DATASET EXCERPTS Block Start

lemma dist_antitone_le:
  assumes \<phi>: "dist_antitone n d \<phi>" and D: "D \<in> dist_box n d" and D': "D' \<in> dist_box n d"
    and le: "\<And>i. D i \<le> D' i"
  shows "\<phi> D' \<le> \<phi> D"
proof -
  define E where "E = (\<lambda>j i. if i < j then D i else D' i)"
  have E_box: "E j \<in> dist_box n d" for j
    using D D' by (auto simp: dist_box_def E_def)
  have "\<phi> D' \<le> \<phi> (E j)" for j
  proof (induction j)
    case 0
    then show ?case by (simp add: E_def)
  next
    case (Suc j)
    show ?case
    proof (cases "j < d")
      case True
      have "E j = (E j)(j := D' j)" "E (Suc j) = (E j)(j := D j)"
        by (auto simp: E_def fun_eq_iff)
      moreover have "D' j \<le> n div 2" using D' True by (simp add: dist_box_def)
      ultimately have "\<phi> (E j) \<le> \<phi> (E (Suc j))"
        using dist_antitone_fun_upd[OF \<phi> E_box True le] by metis
      then show ?thesis using Suc.IH by linarith
    next
      case False
      then have "E (Suc j) = E j" using D D' by (auto simp: E_def dist_box_def fun_eq_iff)
      then show ?thesis using Suc.IH by simp
    qed
  qed
  moreover have "E d = D" using D D' by (auto simp: E_def dist_box_def fun_eq_iff)
  ultimately show ?thesis by metis
qed

lemma lazy_P_pow_le_diag:
  assumes x: "x \<in> torus n d" and y: "y \<in> torus n d" and z: "z \<in> torus n d"
  shows "lazy_P_pow n d k x y \<le> lazy_P_pow n d k z z"
proof -
  have "cyc_dist_vec n d z z = (\<lambda>_. 0)" by (auto simp: cyc_dist_vec_def cyc_dist_def fun_eq_iff)
  moreover have "dist_kernel n d k (cyc_dist_vec n d x y) \<le> dist_kernel n d k (\<lambda>_. 0)"
    by (rule dist_antitone_le[OF dist_antitone_dist_kernel _ cyc_dist_vec_in_dist_box])
      (auto simp: dist_box_def)
  ultimately show ?thesis using lazy_P_pow_eq_dist_kernel x y z by metis
qed

lemma lazy_P_pow_antipode_le:
  assumes n: "n \<ge> 1" and y: "y \<in> torus n d"
  shows "lazy_P_pow n d k origin (antipode n d) \<le> lazy_P_pow n d k origin y"
proof -
  have "cyc_dist n 0 (n div 2) = n div 2" by (auto simp: cyc_dist_def)
  then have "dist_kernel n d k (cyc_dist_vec n d origin (antipode n d)) \<le>
      dist_kernel n d k (cyc_dist_vec n d origin y)"
    by (intro dist_antitone_le[OF dist_antitone_dist_kernel] cyc_dist_vec_in_dist_box)
      (auto simp: cyc_dist_vec_def origin_def antipode_def cyc_dist_le_half)
  then show ?thesis
    using lazy_P_pow_eq_dist_kernel[OF origin_in_torus[OF n]] y antipode_in_torus[OF n] by simp
qed

section \<open>Renewal argument\<close>

lemma fps_times_ones_nth:
  fixes A :: "'a::comm_semiring_1 fps"
  shows "(A * Abs_fps (\<lambda>_. 1)) $ m = (\<Sum>r\<le>m. A $ r)"
  by (simp add: fps_mult_nth atLeast0AtMost)

lemma renewal_partial_sums_nonneg:
  fixes P F H :: "real fps"
  assumes renewal: "P = 1 + F * P"
    and F_sums_le: "\<And>m. (\<Sum>r\<le>m. F $ r) \<le> 1"
    and HP_nonneg: "\<And>s. (H * P) $ s \<ge> 0"
  shows "(\<Sum>r\<le>t. H $ r) \<ge> 0"
proof -
  define S :: "real fps" where "S = Abs_fps (\<lambda>_. 1)"
  have inverse: "P * (1 - F) = 1"
    using renewal by (simp add: algebra_simps)
  have tails: "((1 - F) * S) $ m = 1 - (\<Sum>r\<le>m. F $ r)" for m
    unfolding S_def fps_times_ones_nth by (simp add: sum_subtractf)
  have "(\<Sum>r\<le>t. H $ r) = (H * S) $ t"
    by (simp add: S_def fps_times_ones_nth)
  also have "\<dots> = ((H * P) * ((1 - F) * S)) $ t"
    using inverse by (metis mult.assoc mult_1_left)
  also have "\<dots> = (\<Sum>i=0..t. (H * P) $ i * (1 - (\<Sum>r\<le>t - i. F $ r)))"
    by (simp only: fps_mult_nth[of "H * P"] tails)
  also have "\<dots> \<ge> 0"
    using HP_nonneg F_sums_le by (intro sum_nonneg mult_nonneg_nonneg) auto
  finally show ?thesis .
qed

DATASET EXCERPTS Block End

The answer must be every line from the records above that contains the word "assumes", copied out.

ANSWER SPACE:
  assumes \<phi>: "dist_antitone n d \<phi>" and D: "D \<in> dist_box n d" and D': "D' \<in> dist_box n d"
  assumes x: "x \<in> torus n d" and y: "y \<in> torus n d" and z: "z \<in> torus n d"
  assumes n: "n \<ge> 1" and y: "y \<in> torus n d"
  assumes renewal: "P = 1 + F * P"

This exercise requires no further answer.